I'm not so sure the Borgel design was a "poor" one Radger. Certainly not for the time. It's quite an innovative approach to the problem. It didn't require cork/leather seals, the crown is held tight to the case by the spring and even the pinset has a pretty good seal on the inside of the case. When brand new with good metal to metal surfaces and no wear I suspect they were pretty water resistant. OK as you say, not waterproof and you wouldn't go swimming with one, but well up to handling the dust and mud and water of everyday use.

EDIT Sadly I don't have the Hermetic any longer R. Sold it on years ago. TBH It wasn't very practical and the threads were loose on the case(and the movement was pretty worn too, so a bad timekeeper). I wear my watches regardless of age and rotate them on my wrist regularly so it wasn't for me. The new owner was more a collector than a wearer if you know what I mean.


----------



## radger (Nov 18, 2007)

Wibbs said:


> I'm not so sure the Borgel design was a "poor" one Radger. Certainly not for the time. It's quite an innovative approach to the problem. It didn't require cork/leather seals, the crown is held tight to the case by the spring and even the pinset has a pretty good seal on the inside of the case. When brand new with good metal to metal surfaces and no wear I suspect they were pretty water resistant.

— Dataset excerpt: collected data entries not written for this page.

(* Let $SI$, $UI$, $CI$ be a nonnegative bivariate information decomposition. Define the extractable shared information $$\overline{SI}(S;X_1,X_2):=\sup_{f:\mathcal{S}\to\mathcal{S}'} SI(f(S);X_1,X_2),$$ the supremum being over all functions from the alphabet $\mathcal{S}$ of $S$ to an arbitrary finite set $\mathcal{S}'$, and define $$\overline{UI}^*(S;X_1\setminus X_2):=I(S;X_1)-\overline{SI}(S;X_1,X_2),\quad \overline{UI}^*(S;X_2\setminus X_1):=I(S;X_2)-\overline{SI}(S;X_1,X_2),$$ $$\overline{CI}^*(S;X_1,X_2):=I(S;X_1X_2)-\overline{SI}(S;X_1,X_2)-\overline{UI}^*(S;X_1\setminus X_2)-\overline{UI}^*(S;X_2\setminus X_1).$$ Then $\overline{SI}$, $\overline{UI}^*(S;X_1\setminus X_2)$, $\overline{UI}^*(S;X_2\setminus X_1)$ and $\overline{CI}^*$ are nonnegative, and moreover: (a) $\overline{SI}(S;X_1,X_2)\ge SI(S;X_1,X_2)$; (b) $\overline{CI}^*(S;X_1,X_2)\ge CI(S;X_1,X_2)$; (c) if $f^*$ is a function achieving the supremum in the definition of $\overline{SI}(S;X_1,X_2)$, then $UI(f^*(S);X_1\setminus X_2)\le \overline{UI}^*(S;X_1\setminus X_2)\le UI(S;X_1\setminus X_2)$.
   Context: All random variables have finite alphabets. A nonnegative bivariate information decomposition consists of nonnegative functions $SI(S;X_1,X_2)$, $UI(S;X_1\setminus X_2)$, $UI(S;X_2\setminus X_1)$, $CI(S;X_1,X_2)$, defined for every joint distribution of $(S,X_1,X_2)$ with arbitrary finite alphabets and depending continuously on it, such that $I(S;X_1X_2)=SI(S;X_1,X_2)+CI(S;X_1,X_2)+UI(S;X_1\setminus X_2)+UI(S;X_2\setminus X_1)$, $I(S;X_1)=SI(S;X_1,X_2)+UI(S;X_1\setminus X_2)$ and $I(S;X_2)=SI(S;X_1,X_2)+UI(S;X_2\setminus X_1)$, where $I$ denotes mutual information and $I(S;X_1X_2)$ is the mutual information between $S$ and the pair $(X_1,X_2)$. *)

theory Defs
  imports "HOL-Probability.Probability"
begin

definition mi :: "('a \<times> 'b) pmf \<Rightarrow> real" where
  "mi p = (\<Sum>(x, y)\<in>set_pmf p.
      pmf p (x, y) * log 2 (pmf p (x, y) / (pmf (map_pmf fst p) x * pmf (map_pmf snd p) y)))"

text \<open>Joint distributions of (S, X1, X2); finite alphabets are encoded as finite subsets of nat.\<close>
type_synonym dist3 = "(nat \<times> nat \<times> nat) pmf"

definition I_S_X1 :: "dist3 \<Rightarrow> real" where
  "I_S_X1 P = mi (map_pmf (\<lambda>(s, x1, x2). (s, x1)) P)"

definition I_S_X2 :: "dist3 \<Rightarrow> real" where
  "I_S_X2 P = mi (map_pmf (\<lambda>(s, x1, x2). (s, x2)) P)"

definition I_S_X12 :: "dist3 \<Rightarrow> real" where
  "I_S_X12 P = mi (map_pmf (\<lambda>(s, x1, x2). (s, (x1, x2))) P)"

text \<open>Continuity: for every fixed finite alphabet, the functional depends continuously
  on the probability vector (product topology on functions).\<close>
definition cont_dist :: "(dist3 \<Rightarrow> real) \<Rightarrow> bool" where
  "cont_dist F \<longleftrightarrow> (\<forall>A. finite A \<longrightarrow>
      continuous_on (pmf ` {P. set_pmf P \<subseteq> A}) (\<lambda>q. F (embed_pmf q)))"

definition nonneg_decomp ::
  "(dist3 \<Rightarrow> real) \<Rightarrow> (dist3 \<Rightarrow> real) \<Rightarrow> (dist3 \<Rightarrow> real) \<Rightarrow> (dist3 \<Rightarrow> real) \<Rightarrow> bool" where
  "nonneg_decomp SI UI1 UI2 CI \<longleftrightarrow>
     (\<forall>P. finite (set_pmf P) \<longrightarrow>
        SI P \<ge> 0 \<and> UI1 P \<ge> 0 \<and> UI2 P \<ge> 0 \<and> CI P \<ge> 0 \<and>
        I_S_X12 P = SI P + CI P + UI1 P + UI2 P \<and>
        I_S_X1 P = SI P + UI1 P \<and>
        I_S_X2 P = SI P + UI2 P) \<and>
     cont_dist SI \<and> cont_dist UI1 \<and> cont_dist UI2 \<and> cont_dist CI"

definition relabel :: "(nat \<Rightarrow> nat) \<Rightarrow> dist3 \<Rightarrow> dist3" where
  "relabel f P = map_pmf (\<lambda>(s, x1, x2). (f s, x1, x2)) P"

definition SIbar :: "(dist3 \<Rightarrow> real) \<Rightarrow> dist3 \<Rightarrow> real" where
  "SIbar SI P = (SUP f :: nat \<Rightarrow> nat. SI (relabel f P))"

definition UIbar1 :: "(dist3 \<Rightarrow> real) \<Rightarrow> dist3 \<Rightarrow> real" where
  "UIbar1 SI P = I_S_X1 P - SIbar SI P"

definition UIbar2 :: "(dist3 \<Rightarrow> real) \<Rightarrow> dist3 \<Rightarrow> real" where
  "UIbar2 SI P = I_S_X2 P - SIbar SI P"

definition CIbar :: "(dist3 \<Rightarrow> real) \<Rightarrow> dist3 \<Rightarrow> real" where
  "CIbar SI P = I_S_X12 P - SIbar SI P - UIbar1 SI P - UIbar2 SI P"

end

theory Submission
  imports Defs
begin

text \<open>Relabelling S cannot increase I(S;X1) or I(S;X2): this is the data processing inequality,
  which for finite supports follows from the log-sum inequality applied to the fibres of the
  relabelling. Hence SI(f(S);X1,X2) \<le> I(f(S);X1) \<le> I(S;X1), and likewise for X2, so the supremum
  defining the extractable shared information is finite and lies between SI(S;X1,X2) (take f = id)
  and min(I(S;X1), I(S;X2)). All claims then follow by linear arithmetic from the decomposition
  identities, those of (c) by applying them to the distribution of (f*(S), X1, X2).\<close>

lemma log_sum_inequality_ln:
  fixes a b :: "'i \<Rightarrow> real"
  assumes "finite I" and "I \<noteq> {}" and pos: "\<And>i. i \<in> I \<Longrightarrow> a i > 0 \<and> b i > 0"
  shows "sum a I * ln (sum a I / sum b I) \<le> (\<Sum>i\<in>I. a i * ln (a i / b i))"
proof -
  define A B where "A = sum a I" and "B = sum b I"
  have A: "A > 0" and B: "B > 0"
    unfolding A_def B_def using assms by (auto intro: sum_pos)
  \<comment> \<open>each summand is bounded below via ln x \<le> x - 1 at x = b i A / (a i B)\<close>
  have summand_bound: "a i - b i * (A / B) \<le> a i * ln (a i / b i) - a i * ln (A / B)" if "i \<in> I" for i
  proof -
    have ai: "a i > 0" and bi: "b i > 0" using pos[OF that] by auto
    define r where "r = (b i * A) / (a i * B)"
    have "a i * (1 - r) \<le> a i * (- ln r)"
      using ai bi A B ln_le_minus_one[of r] by (intro mult_left_mono) (auto simp: r_def)
    moreover have "a i * (1 - r) = a i - b i * (A / B)"
      using ai B by (simp add: r_def field_simps)
    moreover have "- ln r = ln (a i / b i) - ln (A / B)"
      using ai bi A B by (simp add: r_def ln_div ln_mult)
    ultimately show ?thesis by (simp add: right_diff_distrib)
  qed
  have "0 = A - B * (A / B)" using B by simp
  also have "\<dots> = (\<Sum>i\<in>I. a i - b i * (A / B))"
    by (simp add: A_def B_def sum_subtractf sum_distrib_right sum_divide_distrib)
  also have "\<dots> \<le> (\<Sum>i\<in>I. a i * ln (a i / b i) - a i * ln (A / B))"
    using summand_bound by (rule sum_mono)
  also have "\<dots> = (\<Sum>i\<in>I. a i * ln (a i / b i)) - A * ln (A / B)"
    by (simp add: A_def sum_subtractf sum_distrib_right)
  finally show ?thesis unfolding A_def B_def by simp
qed

lemma log_sum_inequality:
  fixes a b :: "'i \<Rightarrow> real" and c :: real
  assumes "c > 1" and "finite I" and "I \<noteq> {}" and "\<And>i. i \<in> I \<Longrightarrow> a i > 0 \<and> b i > 0"
  shows "sum a I * log c (sum a I / sum b I) \<le> (\<Sum>i\<in>I. a i * log c (a i / b i))"
proof -
  have "sum a I * ln (sum a I / sum b I) / ln c \<le> (\<Sum>i\<in>I. a i * ln (a i / b i)) / ln c"
    using log_sum_inequality_ln[OF assms(2-4)] \<open>c > 1\<close> by (simp add: divide_right_mono)
  then show ?thesis by (simp add: log_def sum_divide_distrib)
qed

lemma pmf_map_pmf_finite:
  assumes "finite (set_pmf q)"
  shows "pmf (map_pmf g q) z = (\<Sum>p\<in>{p\<in>set_pmf q. g p = z}. pmf q p)"
proof -
  have "pmf (map_pmf g q) z = measure q (g -` {z} \<inter> set_pmf q)"
    by (simp add: pmf_map measure_Int_set_pmf)
  also have "g -` {z} \<inter> set_pmf q = {p\<in>set_pmf q. g p = z}" by auto
  finally show ?thesis using assms by (simp add: measure_measure_pmf_finite)
qed

lemma sum_pmf_fst_fibre_le:
  fixes q1 :: "'a pmf" and J :: "('a \<times> 'b) set" and f :: "'a \<Rightarrow> 'c"
  assumes "finite J" and "\<And>p. p \<in> J \<Longrightarrow> f (fst p) = t \<and> snd p = y"
  shows "(\<Sum>p\<in>J. pmf q1 (fst p)) \<le> pmf (map_pmf f q1) t"
proof -
  have "inj_on fst J" using assms(2) by (intro inj_onI) (metis prod.collapse)
  then have "(\<Sum>p\<in>J. pmf q1 (fst p)) = measure q1 (fst ` J)"
    using assms(1) by (simp add: sum.reindex measure_measure_pmf_finite)
  also have "\<dots> \<le> measure q1 (f -` {t})"
    using assms(2) by (intro measure_pmf.finite_measure_mono) auto
  finally show ?thesis by (simp add: pmf_map)
qed

lemma mi_summand_map_fst_le:
  fixes q :: "('a \<times> 'b) pmf" and f :: "'a \<Rightarrow> 'c" and t :: 'c and y :: 'b
  defines "q1 \<equiv> map_pmf fst q" and "q2 \<equiv> map_pmf snd q"
    and "q' \<equiv> map_pmf (\<lambda>(u, v). (f u, v)) q"
    and "J \<equiv> {p\<in>set_pmf q. (\<lambda>(u, v). (f u, v)) p = (t, y)}"
  assumes fin: "finite (set_pmf q)" and "J \<noteq> {}"
  shows "pmf q' (t, y) * log 2 (pmf q' (t, y) / (pmf (map_pmf f q1) t * pmf q2 y))
    \<le> (\<Sum>p\<in>J. pmf q p * log 2 (pmf q p / (pmf q1 (fst p) * pmf q2 (snd p))))"
proof -
  define b where "b = (\<lambda>p. pmf q1 (fst p) * pmf q2 (snd p))"
  have finJ: "finite J" using fin by (simp add: J_def)
  have fibre: "f (fst p) = t \<and> snd p = y" if "p \<in> J" for p
    using that by (auto simp: J_def split_beta)
  have pos: "pmf q p > 0 \<and> b p > 0" if "p \<in> J" for p
  proof -
    have "p \<in> set_pmf q" using that by (simp add: J_def)
    moreover have "fst p \<in> set_pmf q1" "snd p \<in> set_pmf q2"
      using calculation by (auto simp: q1_def q2_def)
    ultimately show ?thesis by (simp add: b_def pmf_positive)
  qed
  have mass: "pmf q' (t, y) = sum (pmf q) J"
    unfolding q'_def J_def using fin by (rule pmf_map_pmf_finite)
  have A: "sum (pmf q) J > 0" and B: "sum b J > 0"
    using finJ \<open>J \<noteq> {}\<close> pos by (auto intro: sum_pos)
  have "sum b J = (\<Sum>p\<in>J. pmf q1 (fst p)) * pmf q2 y"
    unfolding b_def sum_distrib_right using fibre by (intro sum.cong) auto
  also have "\<dots> \<le> pmf (map_pmf f q1) t * pmf q2 y"
    using sum_pmf_fst_fibre_le[OF finJ fibre] by (intro mult_right_mono) auto
  finally have marginal: "sum b J \<le> pmf (map_pmf f q1) t * pmf q2 y" .
  have "pmf q' (t, y) * log 2 (pmf q' (t, y) / (pmf (map_pmf f q1) t * pmf q2 y))
      \<le> sum (pmf q) J * log 2 (sum (pmf q) J / sum b J)"
    unfolding mass using A B marginal
    by (intro mult_left_mono log_le_cancel_iff[THEN iffD2])
       (auto intro: divide_left_mono divide_pos_pos)
  also have "\<dots> \<le> (\<Sum>p\<in>J. pmf q p * log 2 (pmf q p / b p))"
    using finJ \<open>J \<noteq> {}\<close> pos by (intro log_sum_inequality) auto
  finally show ?thesis by (simp add: b_def)
qed

lemma mi_map_fst_le:
  fixes q :: "('a \<times> 'b) pmf" and f :: "'a \<Rightarrow> 'c"
  assumes fin: "finite (set_pmf q)"
  shows "mi (map_pmf (\<lambda>(x, y). (f x, y)) q) \<le> mi q"
proof -
  define g where "g = (\<lambda>(x::'a, y::'b). (f x, y))"
  define q' where "q' = map_pmf g q"
  define h where "h = (\<lambda>p. pmf q p * log 2 (pmf q p /
                             (pmf (map_pmf fst q) (fst p) * pmf (map_pmf snd q) (snd p))))"
  have supp: "set_pmf q' = g ` set_pmf q" by (simp add: q'_def)
  have fst_q': "map_pmf fst q' = map_pmf f (map_pmf fst q)"
    and snd_q': "map_pmf snd q' = map_pmf snd q"
    unfolding q'_def map_pmf_comp by (auto simp: g_def split_beta intro: map_pmf_cong)
  have "mi q' = (\<Sum>(t, y)\<in>set_pmf q'. pmf q' (t, y) *
      log 2 (pmf q' (t, y) / (pmf (map_pmf f (map_pmf fst q)) t * pmf (map_pmf snd q) y)))"
    by (simp add: mi_def fst_q' snd_q')
  also have "\<dots> \<le> (\<Sum>z\<in>set_pmf q'. sum h {p\<in>set_pmf q. g p = z})"
  proof (rule sum_mono, clarify)
    fix t y assume "(t, y) \<in> set_pmf q'"
    then have fibre_ne: "{p\<in>set_pmf q. g p = (t, y)} \<noteq> {}" using supp by force
    then show "pmf q' (t, y) * log 2 (pmf q' (t, y) /
          (pmf (map_pmf f (map_pmf fst q)) t * pmf (map_pmf snd q) y))
        \<le> sum h {p\<in>set_pmf q. g p = (t, y)}"
      using mi_summand_map_fst_le[OF fin, of f t y] fibre_ne unfolding q'_def g_def h_def by blast
  qed
  also have "\<dots> = sum h (set_pmf q)"
    using fin supp by (intro sum.group) auto
  also have "\<dots> = mi q" by (simp add: mi_def h_def split_beta)
  finally show ?thesis by (simp add: q'_def g_def)
qed

lemma I_S_X1_relabel_le: "finite (set_pmf P) \<Longrightarrow> I_S_X1 (relabel f P) \<le> I_S_X1 P"
  using mi_map_fst_le[of "map_pmf (\<lambda>(s, x1, x2). (s, x1)) P" f]
  by (simp add: I_S_X1_def relabel_def map_pmf_comp split_beta)

lemma I_S_X2_relabel_le: "finite (set_pmf P) \<Longrightarrow> I_S_X2 (relabel f P) \<le> I_S_X2 P"
  using mi_map_fst_le[of "map_pmf (\<lambda>(s, x1, x2). (s, x2)) P" f]
  by (simp add: I_S_X2_def relabel_def map_pmf_comp split_beta)

lemma relabel_id [simp]: "relabel id P = P"
  by (simp add: relabel_def split_beta')

lemma finite_set_pmf_relabel: "finite (set_pmf P) \<Longrightarrow> finite (set_pmf (relabel f P))"
  by (simp add: relabel_def)

lemma nonneg_decompD:
  assumes "nonneg_decomp SI UI1 UI2 CI" and "finite (set_pmf P)"
  shows "SI P \<ge> 0" "UI1 P \<ge> 0" "UI2 P \<ge> 0" "CI P \<ge> 0"
    and "I_S_X12 P = SI P + CI P + UI1 P + UI2 P"
    and "I_S_X1 P = SI P + UI1 P" and "I_S_X2 P = SI P + UI2 P"
  using assms unfolding nonneg_decomp_def by blast+

lemma SI_relabel_le_I_S_X1:
  assumes "nonneg_decomp SI UI1 UI2 CI" and "finite (set_pmf P)"
  shows "SI (relabel f P) \<le> I_S_X1 P"
  using nonneg_decompD(2,6)[OF assms(1) finite_set_pmf_relabel[OF assms(2)], of f]
    I_S_X1_relabel_le[OF assms(2), of f] by linarith

lemma SI_relabel_le_I_S_X2:
  assumes "nonneg_decomp SI UI1 UI2 CI" and "finite (set_pmf P)"
  shows "SI (relabel f P) \<le> I_S_X2 P"
  using nonneg_decompD(3,7)[OF assms(1) finite_set_pmf_relabel[OF assms(2)], of f]
    I_S_X2_relabel_le[OF assms(2), of f] by linarith

lemma SI_le_SIbar:
  assumes "nonneg_decomp SI UI1 UI2 CI" and "finite (set_pmf P)"
  shows "SI P \<le> SIbar SI P"
proof -
  have "bdd_above (range (\<lambda>f. SI (relabel f P)))"
    using SI_relabel_le_I_S_X1[OF assms] by (intro bdd_aboveI) auto
  from cSUP_upper[OF UNIV_I this, of id] show ?thesis by (simp add: SIbar_def)
qed

lemma SIbar_le_I_S_X1:
  assumes "nonneg_decomp SI UI1 UI2 CI" and "finite (set_pmf P)"
  shows "SIbar SI P \<le> I_S_X1 P"
  unfolding SIbar_def using SI_relabel_le_I_S_X1[OF assms] by (intro cSUP_least) auto

lemma SIbar_le_I_S_X2:
  assumes "nonneg_decomp SI UI1 UI2 CI" and "finite (set_pmf P)"
  shows "SIbar SI P \<le> I_S_X2 P"
  unfolding SIbar_def using SI_relabel_le_I_S_X2[OF assms] by (intro cSUP_least) auto

theorem lemma2:
  fixes SI UI1 UI2 CI :: "dist3 \<Rightarrow> real" and P :: dist3
  assumes "nonneg_decomp SI UI1 UI2 CI"
    and "finite (set_pmf P)"
  shows "SIbar SI P \<ge> 0 \<and> UIbar1 SI P \<ge> 0 \<and> UIbar2 SI P \<ge> 0 \<and> CIbar SI P \<ge> 0 \<and>
         SIbar SI P \<ge> SI P \<and>
         CIbar SI P \<ge> CI P \<and>
         (\<forall>f. SI (relabel f P) = SIbar SI P \<longrightarrow>
               UI1 (relabel f P) \<le> UIbar1 SI P \<and> UIbar1 SI P \<le> UI1 P)"
proof -
  note decomp = nonneg_decompD[OF assms]
  note bounds = SI_le_SIbar[OF assms] SIbar_le_I_S_X1[OF assms] SIbar_le_I_S_X2[OF assms]
  have optimal_relabel: "UI1 (relabel f P) \<le> UIbar1 SI P \<and> UIbar1 SI P \<le> UI1 P"
    if "SI (relabel f P) = SIbar SI P" for f
    using that bounds decomp
      nonneg_decompD(6)[OF assms(1) finite_set_pmf_relabel[OF assms(2)], of f]
      I_S_X1_relabel_le[OF assms(2), of f]
    unfolding UIbar1_def by linarith
  have "SIbar SI P \<ge> 0 \<and> UIbar1 SI P \<ge> 0 \<and> UIbar2 SI P \<ge> 0 \<and> CIbar SI P \<ge> 0 \<and>
      SIbar SI P \<ge> SI P \<and> CIbar SI P \<ge> CI P"
    using bounds decomp unfolding UIbar1_def UIbar2_def CIbar_def by (intro conjI; linarith)
  with optimal_relabel show ?thesis by blast
qed

end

OK as you say, not waterproof and you wouldn't go swimming with one, but well up to handling the dust and mud and water of everyday use.


Fair enough and I understand that when brand new they would be pretty water resistant, I just think they were a 'cheap' design sa'll.


----------



## HOROLOGIST007 (Apr 27, 2013)

Please let me try to answer you both.

There were designs prior to 1891 - so called 'explorer' watches with 'canteen style cases.
Great examples can be seen here at David Boettcher EXCELLENT site.
The Development of the Waterproof Watch
ACKNOWLEDGEMENTS: "Information from VintageWatchstraps.com © David Boettcher" with any material you use.

The Borgel design of 1891 was I believe the first patented 'sealed' watch. Between that and 'oyster' there were many, many examples ranging from 'semi hermetic' to Jean Finger/Gruen 'fully hermetic' patents.

Radger
David Boettcher did some waterproof tests on a Borgel two piece case and found it very water resistant.
Please note that Horologists do NOT term Borgels first 1891 or his later design waterproof. They are termed 'sealed and semi hermetic'
ONLY the Jean Finger/Gruen design gained the name 'fully hermetic'

Here is the test done by David Boettcher 
"I tried an experiment with one of my Borgel wristwatch cases, one that is rather battered and showing its age. I held it under water in a sink for a few minutes. It didn't let in water. Although I was cautious enough to try this experiment with the movement out of the case - just in case - I was surprised by the result. I am sure that when they were new and "factory fresh", Borgel watches were in fact quite resistant to the kinds of water challenges found in every day life; the odd splash from hand washing or getting caught in the rain for example. The proof of this can be seen in the very good state of preservation of movements found in Borgel cases when compared to those in ordinary cases."
ACKNOWLEDGEMENTS: "Information from VintageWatchstraps.com © David Boettcher" with any material you use.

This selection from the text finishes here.